(Items listed in a dataset)
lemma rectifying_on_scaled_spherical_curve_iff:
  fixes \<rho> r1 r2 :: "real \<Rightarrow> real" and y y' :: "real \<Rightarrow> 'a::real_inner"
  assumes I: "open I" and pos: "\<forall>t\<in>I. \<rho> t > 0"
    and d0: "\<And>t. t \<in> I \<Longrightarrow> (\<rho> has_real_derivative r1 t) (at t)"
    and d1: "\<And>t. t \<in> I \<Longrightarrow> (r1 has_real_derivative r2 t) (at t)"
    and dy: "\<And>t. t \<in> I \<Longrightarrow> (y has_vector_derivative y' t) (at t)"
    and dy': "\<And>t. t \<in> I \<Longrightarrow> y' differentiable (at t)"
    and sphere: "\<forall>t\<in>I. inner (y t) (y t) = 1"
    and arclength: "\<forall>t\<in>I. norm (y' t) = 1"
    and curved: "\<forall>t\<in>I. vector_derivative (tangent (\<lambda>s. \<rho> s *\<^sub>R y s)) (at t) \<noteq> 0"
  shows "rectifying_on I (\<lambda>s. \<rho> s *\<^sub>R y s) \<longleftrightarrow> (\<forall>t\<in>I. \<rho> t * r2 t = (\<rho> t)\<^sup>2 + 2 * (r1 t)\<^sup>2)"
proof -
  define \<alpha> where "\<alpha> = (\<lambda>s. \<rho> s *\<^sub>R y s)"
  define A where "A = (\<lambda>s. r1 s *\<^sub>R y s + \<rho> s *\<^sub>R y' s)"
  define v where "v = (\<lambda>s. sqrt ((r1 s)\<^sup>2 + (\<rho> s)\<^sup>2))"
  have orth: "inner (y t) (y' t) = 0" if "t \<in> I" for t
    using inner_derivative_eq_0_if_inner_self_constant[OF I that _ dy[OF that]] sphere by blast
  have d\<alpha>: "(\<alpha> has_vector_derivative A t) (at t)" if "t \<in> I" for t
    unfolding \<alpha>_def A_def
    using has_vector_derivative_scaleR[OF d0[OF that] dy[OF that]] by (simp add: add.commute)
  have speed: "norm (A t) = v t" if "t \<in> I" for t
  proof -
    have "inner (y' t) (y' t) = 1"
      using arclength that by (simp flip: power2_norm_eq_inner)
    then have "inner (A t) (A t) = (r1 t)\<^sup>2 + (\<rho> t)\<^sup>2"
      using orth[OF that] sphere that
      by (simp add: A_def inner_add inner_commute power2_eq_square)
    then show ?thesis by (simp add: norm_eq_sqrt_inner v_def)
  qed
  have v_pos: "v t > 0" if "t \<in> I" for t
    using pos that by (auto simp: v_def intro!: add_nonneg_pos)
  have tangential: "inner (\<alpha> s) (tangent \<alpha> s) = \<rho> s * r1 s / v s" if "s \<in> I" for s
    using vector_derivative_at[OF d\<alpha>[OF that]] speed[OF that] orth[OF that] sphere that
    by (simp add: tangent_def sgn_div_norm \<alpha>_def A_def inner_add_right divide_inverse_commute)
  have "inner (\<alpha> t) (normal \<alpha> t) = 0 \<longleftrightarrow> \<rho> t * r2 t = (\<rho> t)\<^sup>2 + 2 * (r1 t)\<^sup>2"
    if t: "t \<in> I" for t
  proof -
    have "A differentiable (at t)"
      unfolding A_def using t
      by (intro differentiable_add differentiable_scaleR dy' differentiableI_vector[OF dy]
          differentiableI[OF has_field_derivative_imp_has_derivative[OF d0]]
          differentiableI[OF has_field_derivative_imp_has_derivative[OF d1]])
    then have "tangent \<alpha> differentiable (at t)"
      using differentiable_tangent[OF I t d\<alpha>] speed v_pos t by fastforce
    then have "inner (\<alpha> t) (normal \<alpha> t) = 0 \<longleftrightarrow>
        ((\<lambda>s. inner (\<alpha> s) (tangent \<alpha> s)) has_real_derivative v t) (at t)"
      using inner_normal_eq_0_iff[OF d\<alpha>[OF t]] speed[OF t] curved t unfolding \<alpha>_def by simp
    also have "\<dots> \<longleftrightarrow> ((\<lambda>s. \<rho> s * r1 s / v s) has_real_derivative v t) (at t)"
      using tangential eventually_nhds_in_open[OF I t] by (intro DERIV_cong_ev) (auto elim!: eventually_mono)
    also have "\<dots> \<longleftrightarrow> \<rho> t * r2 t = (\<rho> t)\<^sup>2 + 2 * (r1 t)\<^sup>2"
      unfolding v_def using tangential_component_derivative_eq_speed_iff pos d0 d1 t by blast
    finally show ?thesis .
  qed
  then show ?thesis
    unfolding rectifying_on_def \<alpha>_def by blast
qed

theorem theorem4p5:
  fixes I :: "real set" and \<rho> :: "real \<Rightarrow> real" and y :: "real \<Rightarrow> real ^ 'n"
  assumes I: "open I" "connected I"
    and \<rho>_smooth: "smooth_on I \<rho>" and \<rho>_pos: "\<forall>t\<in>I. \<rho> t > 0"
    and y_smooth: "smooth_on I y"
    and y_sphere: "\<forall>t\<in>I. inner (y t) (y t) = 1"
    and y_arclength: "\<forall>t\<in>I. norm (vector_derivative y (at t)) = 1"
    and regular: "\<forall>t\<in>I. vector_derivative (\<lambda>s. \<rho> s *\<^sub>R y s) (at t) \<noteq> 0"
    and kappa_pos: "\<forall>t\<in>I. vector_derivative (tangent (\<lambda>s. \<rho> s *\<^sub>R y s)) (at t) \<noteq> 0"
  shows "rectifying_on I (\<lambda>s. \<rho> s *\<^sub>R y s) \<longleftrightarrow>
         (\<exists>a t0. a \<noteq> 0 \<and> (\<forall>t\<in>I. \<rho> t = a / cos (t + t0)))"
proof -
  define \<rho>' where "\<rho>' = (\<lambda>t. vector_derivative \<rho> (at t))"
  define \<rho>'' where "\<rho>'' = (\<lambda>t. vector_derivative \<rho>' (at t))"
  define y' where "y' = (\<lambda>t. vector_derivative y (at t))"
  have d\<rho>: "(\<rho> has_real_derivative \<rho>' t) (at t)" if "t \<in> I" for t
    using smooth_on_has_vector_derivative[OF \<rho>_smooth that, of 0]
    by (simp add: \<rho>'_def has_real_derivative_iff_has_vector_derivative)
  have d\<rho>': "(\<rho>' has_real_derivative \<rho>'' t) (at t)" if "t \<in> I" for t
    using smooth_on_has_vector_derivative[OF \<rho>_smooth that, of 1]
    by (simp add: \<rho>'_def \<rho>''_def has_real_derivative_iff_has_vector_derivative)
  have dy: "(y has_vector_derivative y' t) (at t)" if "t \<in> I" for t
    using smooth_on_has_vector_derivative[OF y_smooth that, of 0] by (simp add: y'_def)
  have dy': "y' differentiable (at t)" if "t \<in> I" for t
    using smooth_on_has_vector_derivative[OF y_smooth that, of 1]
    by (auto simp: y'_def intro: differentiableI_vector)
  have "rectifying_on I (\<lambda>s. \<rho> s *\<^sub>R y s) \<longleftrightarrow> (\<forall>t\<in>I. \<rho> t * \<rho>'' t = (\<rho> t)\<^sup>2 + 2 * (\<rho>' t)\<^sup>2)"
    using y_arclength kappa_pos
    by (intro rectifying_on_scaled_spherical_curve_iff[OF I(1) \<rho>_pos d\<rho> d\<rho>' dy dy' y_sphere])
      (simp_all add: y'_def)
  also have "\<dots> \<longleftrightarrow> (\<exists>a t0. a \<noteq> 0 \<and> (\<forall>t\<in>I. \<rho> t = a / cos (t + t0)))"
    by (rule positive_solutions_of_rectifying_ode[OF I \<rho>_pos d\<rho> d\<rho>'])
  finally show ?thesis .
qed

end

**The task:**
Given the data above, which lines hold the string "blast"? Return them.

**Exercise response:**
    using inner_derivative_eq_0_if_inner_self_constant[OF I that _ dy[OF that]] sphere by blast
      unfolding v_def using tangential_component_derivative_eq_speed_iff pos d0 d1 t by blast
    unfolding rectifying_on_def \<alpha>_def by blast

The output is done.